Dirigeant français spécialisé dans la gestion des crises et des transformations, Arnaud Marion est également le Fondateur de l’IHEGC (Institut des Hautes Études en Gestion de Crise).
Il se présente comme "un entrepreneur qui travaille pour les entrepreneurs faisant face à des difficultés". Il a d'ailleurs consacré les vingt dernières années à gérer des crises et des transformations. Pour former les chefs d’entreprises, il a fondé récemment l’IHEGC "C’est en quelque sorte l’école de guerre des dirigeants. Notre mission est de former pour transformer. Car nous sommes convaincus qu’il ne peut y avoir de changement sans acteurs du changement." Auteur de “Partout où je passe, les mêmes erreurs” en 2020 (Eyrolles), il partage une expérience précieuse pour les managers et chefs d’entreprises. Interview…

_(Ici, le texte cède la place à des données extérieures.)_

(* Suppose there is $a\in\{0,1\}$, with $\neg a=1-a$, such that both of the following hold: (1) $E\{Z_i\mid A_i=a,Y_i=1\}<E\{Z_i\mid A_i=\neg a,Y_i=1\}$; (2) $E\{R_i\mid A_i=a,Y_i=1\}>E\{R_i\mid A_i=\neg a,Y_i=1\}$. Then there exists $\epsilon_o>0$ such that $\gamma(\epsilon_o)=0$, i.e. the exponential mechanism $\mathscr{A}_{\epsilon_o}$ is perfectly fair.
   Context: There are $n$ individuals indexed by $\mathcal{N}=\{1,\dots,n\}$. Individual $i$ is described by a random tuple $(X_i,A_i,Y_i)$, where $X_i\in\mathcal{X}$ are observable features, $A_i\in\{0,1\}$ is a protected attribute and $Y_i\in\{0,1\}$ is a hidden qualification state; the tuples $(X_i,A_i,Y_i)$, $i=1,\dots,n$, are i.i.d. with a common distribution $\mathsf{F}$ ($X_i$ may be correlated with $A_i$). A fixed function $r:\mathcal{X}\to\mathcal{R}$ is given, where $\mathcal{R}=\{\rho_1,\dots,\rho_{n'}\}\subset[0,1]$ is finite with $\rho_1=0$, $\rho_{n'}=1$; the qualification score of $i$ is $R_i=r(X_i)$. Conditioning events of the form $\{A_i=a,Y_i=1\}$ are assumed to have positive probability. For $\epsilon\ge 0$, the exponential mechanism $\mathscr{A}_\epsilon$, given realized scores $(r_1,\dots,r_n)$, selects individual $i$ with probability $\exp(\epsilon r_i/2)/\sum_{j=1}^n\exp(\epsilon r_j/2)$. Define the random variable $Z_{i,\epsilon}=\exp(\epsilon R_i/2)/\sum_{j=1}^n\exp(\epsilon R_j/2)$ (so $E\{Z_{i,\epsilon}\}$ is the probability that $\mathscr{A}_\epsilon$ selects $i$), and the fairness gap $\gamma(\epsilon)=E\{Z_{i,\epsilon}\mid A_i=0,Y_i=1\}-E\{Z_{i,\epsilon}\mid A_i=1,Y_i=1\}$ (independent of $i$). The mechanism is called perfectly fair when $\gamma(\epsilon)=0$. Let $N_{\max}=|\{i\in\mathcal{N}: R_i=\max_j R_j\}|$ and define $Z_i=0$ if $R_i\ne\max_j R_j$ and $Z_i=1/N_{\max}$ otherwise; $E\{Z_i\}$ is the probability that the non-private algorithm $\mathscr{A}$, which selects uniformly at random among the individuals with the highest score, selects $i$. *)

theory Defs
  imports "HOL-Probability.Probability"
begin
(* Let $F$ be a non-Archimedean local field with $\mathrm{char}(F)\neq 2$ and $K$ an étale $F$-algebra of degree $2$. Let $L'_K=\mathcal{O}_K$ viewed as a lattice in the quadratic space $V'_K$. (a) $\mathrm{sn}_F(\mathrm{O}(L'_K))=\mathrm{sn}_F(\mathrm{SO}(L'_K))$, and this group equals $\mathrm{N}_{K/F}(K^\times)\bmod (F^\times)^2$ if $K$ is a field, and $\mathcal{O}_F^\times\bmod (F^\times)^2$ if $K=F\times F$. (b) If $F=\mathbb{Q}_p$ for a prime $p$, then the natural homomorphism $\mathrm{SO}(L'_K)\to \mathrm{O}(D_{L'_K})$ is surjective.
   Context: An étale $F$-algebra of degree $2$ is a quadratic field extension of $F$ or $F\times F$; $\alpha'$ denotes the conjugate of $\alpha\in K$ and $\mathrm{N}_{K/F}(\alpha)=\alpha\alpha'$. $\mathcal{O}_K$ is the ring of integers of $K$, and $\mathcal{O}_K=\mathcal{O}_F\times\mathcal{O}_F$ if $K=F\times F$. $V'_K$ is the quadratic $F$-space with underlying space $K$ and quadratic form $\mathrm{N}_{K/F}$. For a quadratic space $(V,q)$ with bilinear form $\langle v,v\rangle=2q(v)$, the spinor norm $\mathrm{sn}_F\colon\mathrm{O}(V)\to F^\times/(F^\times)^2$ is the unique homomorphism sending the reflection $\tau_a(v)=v-2\frac{\langle a,v\rangle}{\langle a,a\rangle}a$ ($q(a)\neq0$) to $q(a)$ mod squares. For an even lattice $L$ ($q(L)\subseteq\mathcal{O}_F$), $\mathrm{O}(L)$, $\mathrm{SO}(L)$ are the elements of $\mathrm{O}(V)$, $\mathrm{SO}(V)$ preserving $L$; the dual lattice is $L^\sharp=\{v:\langle v,L\rangle\subseteq\mathcal{O}_F\}$, the discriminant module is $D_L=L^\sharp/L$ with induced quadratic map $D_L\to F/\mathcal{O}_F$, $\mathrm{O}(D_L)$ is its group of $\mathcal{O}_F$-linear automorphisms preserving this quadratic map, and $\mathrm{O}(L)\to\mathrm{O}(D_L)$ is induced by the action on $L^\sharp$. *)

theory Defs
  imports Main "HOL-Library.Product_Plus" "HOL-Computational_Algebra.Primes"
begin

text \<open>The valuation v is only meaningful on nonzero elements.\<close>

definition discrete_valuation :: "('a::field \<Rightarrow> int) \<Rightarrow> bool" where
  "discrete_valuation v \<longleftrightarrow>
     (\<forall>x y. x \<noteq> 0 \<longrightarrow> y \<noteq> 0 \<longrightarrow> v (x * y) = v x + v y) \<and>
     (\<forall>x y. x \<noteq> 0 \<longrightarrow> y \<noteq> 0 \<longrightarrow> x + y \<noteq> 0 \<longrightarrow> min (v x) (v y) \<le> v (x + y)) \<and>
     (\<forall>n. \<exists>x. x \<noteq> 0 \<and> v x = n)"

definition vring :: "('a::field \<Rightarrow> int) \<Rightarrow> 'a set" where
  "vring v = {x. x = 0 \<or> 0 \<le> v x}"

definition vmax :: "('a::field \<Rightarrow> int) \<Rightarrow> 'a set" where
  "vmax v = {x. x = 0 \<or> 1 \<le> v x}"

definition vunits :: "('a::field \<Rightarrow> int) \<Rightarrow> 'a set" where
  "vunits v = {x. x \<noteq> 0 \<and> v x = 0}"

definition residue_classes :: "('a::field \<Rightarrow> int) \<Rightarrow> 'a set set" where
  "residue_classes v = (\<lambda>x. {y \<in> vring v. x - y \<in> vmax v}) ` vring v"

definition vclose :: "('a::field \<Rightarrow> int) \<Rightarrow> int \<Rightarrow> 'a \<Rightarrow> bool" where
  "vclose v k x \<longleftrightarrow> x = 0 \<or> k \<le> v x"

definition vcomplete :: "('a::field \<Rightarrow> int) \<Rightarrow> bool" where
  "vcomplete v \<longleftrightarrow>
     (\<forall>s::nat \<Rightarrow> 'a. (\<forall>k. \<exists>N. \<forall>m\<ge>N. \<forall>n\<ge>N. vclose v k (s m - s n)) \<longrightarrow>
        (\<exists>l. \<forall>k. \<exists>N. \<forall>n\<ge>N. vclose v k (s n - l)))"

definition nonarch_local_field :: "('a::field \<Rightarrow> int) \<Rightarrow> bool" where
  "nonarch_local_field v \<longleftrightarrow>
     discrete_valuation v \<and> vcomplete v \<and> finite (residue_classes v)"

section \<open>The etale algebra K = F[X]/(X^2 - d), d nonzero, on pairs (a,b) = a + b X\<close>

definition ksc :: "'a::field \<Rightarrow> 'a \<times> 'a \<Rightarrow> 'a \<times> 'a" where
  "ksc c z = (c * fst z, c * snd z)"

definition kmul :: "'a::field \<Rightarrow> 'a \<times> 'a \<Rightarrow> 'a \<times> 'a \<Rightarrow> 'a \<times> 'a" where
  "kmul d z w = (fst z * fst w + d * snd z * snd w, fst z * snd w + snd z * fst w)"

primrec kpow :: "'a::field \<Rightarrow> 'a \<times> 'a \<Rightarrow> nat \<Rightarrow> 'a \<times> 'a" where
  "kpow d z 0 = (1, 0)"
| "kpow d z (Suc n) = kmul d z (kpow d z n)"

text \<open>Norm N(z) = z z', where (a,b)' = (a,-b).\<close>
definition knorm :: "'a::field \<Rightarrow> 'a \<times> 'a \<Rightarrow> 'a" where
  "knorm d z = fst z ^ 2 - d * snd z ^ 2"

definition OK :: "'a::field \<Rightarrow> ('a \<Rightarrow> int) \<Rightarrow> ('a \<times> 'a) set" where
  "OK d v = {z. \<exists>n cs. (\<forall>i<n. cs i \<in> vring v) \<and>
                 kpow d z n + (\<Sum>i<n. ksc (cs i) (kpow d z i)) = 0}"

definition kbil :: "'a::field \<Rightarrow> 'a \<times> 'a \<Rightarrow> 'a \<times> 'a \<Rightarrow> 'a" where
  "kbil d x y = knorm d (x + y) - knorm d x - knorm d y"

text \<open>Reflection tau_a(x) = x - 2 <a,x>/<a,a> a, with <a,a> = 2 q(a).\<close>
definition krefl :: "'a::field \<Rightarrow> 'a \<times> 'a \<Rightarrow> 'a \<times> 'a \<Rightarrow> 'a \<times> 'a" where
  "krefl d a x = x - ksc (kbil d a x / knorm d a) a"

definition klinear :: "('a::field \<times> 'a \<Rightarrow> 'a \<times> 'a) \<Rightarrow> bool" where
  "klinear g \<longleftrightarrow> (\<forall>x y. g (x + y) = g x + g y) \<and> (\<forall>c x. g (ksc c x) = ksc c (g x))"

definition kdet :: "('a::field \<times> 'a \<Rightarrow> 'a \<times> 'a) \<Rightarrow> 'a" where
  "kdet g = fst (g (1, 0)) * snd (g (0, 1)) - fst (g (0, 1)) * snd (g (1, 0))"

definition OV :: "'a::field \<Rightarrow> ('a \<times> 'a \<Rightarrow> 'a \<times> 'a) set" where
  "OV d = {g. klinear g \<and> bij g \<and> (\<forall>x. knorm d (g x) = knorm d x)}"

Qu’est-ce qui a déclenché cette volonté de sauver des entreprises ?
J’ai la conviction, étayée sur le terrain d’ailleurs, qu’un bon dirigeant d’entreprise n’est pas un bon dirigeant de crise. C’est un métier de spécialiste à la manière d’un urgentiste du SAMU. Quand un dirigeant doit gérer des difficultés, celles-ci vont absorber 80% de sa bande passante, or il est souvent plus utile à poursuivre la conduite de ses affaires.
J’aime les entrepreneurs, je les respecte et je les admire, et j’ai du mal à envisager qu’une entreprise puisse disparaître tant pour ses actionnaires, ses salariés que pour le territoire dans lequel est installé l’entreprise.
Comment une transformation des entreprises, humaine, agile et technologique, se traduit concrètement sur le terrain ?
D’abord je suis convaincu que les crises naissent dans les entreprises quand celles-ci ne se transforment pas.
Se transformer ce n’est ni s’adapter, ni se diversifier, mais c’est réellement faire évoluer le core business (le cœur de métier). C’est avoir une vision, c’est travailler avec toute son organisation pour réfléchir à l’entreprise, à ses marchés, à sa relation client. L’innovation et le digital doivent être au cœur d’une expérience utilisateur créatrice de valeur. Par ailleurs, le changement doit être porté par l’intérieur.
Le processus de sauvetage est à chaque fois différent... De toute façon, il faut échapper à cette idée qui voudrait que tout soit d’origine conjoncturelle : les chocs conjoncturels ne font qu’accélérer une détérioration structurelle.
Il faut savoir échapper aux idées reçues, à l’histoire que l’on se raconte à soi-même, et surtout il faut savoir écouter les signaux faibles et les mettre bout à bout pour comprendre (et admettre) la réalité de la situation.
L’agroalimentaire est en plus soumis à des contraintes financières souvent liées à la politique agricole commune et aux décisions de Bruxelles, et en plus à une réglementation de plus en plus forte avec des contraintes extérieures très médiatisées autour du bien-être animal par exemple, qui remettent en cause finalement les trente ou quarante dernières années de pratique.
Quel regard portez-vous sur la situation économique actuelle et quels conseils donneriez-vous aux PME et TPE qui connaissent des difficultés (et qui forment plus de 70% du tissu industriel agroalimentaire en France) ?
L’enjeu pour toutes les entreprises françaises est simple : se transformer. Et ça passe nécessairement par de l’investissement pour moderniser les installations et les process à l’instar de nos voisins européens. La crise planétaire que nous vivons va accélérer les choix et les allocations de ressources en fonction de la compétitivité, ce qui va disqualifier les sites non rentables et non compétitifs.
Par ailleurs les dirigeants et actionnaires d’entreprises doivent être conscients qu’il y a un nouveau regard sur le monde, de nouveau grands enjeux contemporains. La biodiversité, le climat, les cultures organiques, la biomasse, sont en train de prendre le pas et les nouvelles générations sont en train d’être strictes car elles ont cette conscience qu’il va falloir nourrir 3 milliards d’individus en plus dans les 30 prochaines années. Ce défi est colossal.
Les industries agroalimentaires françaises ont beaucoup de cordes à leur arc, et il est essentiel que les Régions puissent soutenir l’investissement, la modernisation et la transformation de nos industries pour en en faire des industries de pointe, et les meilleures en termes de sécurité alimentaire et qualité.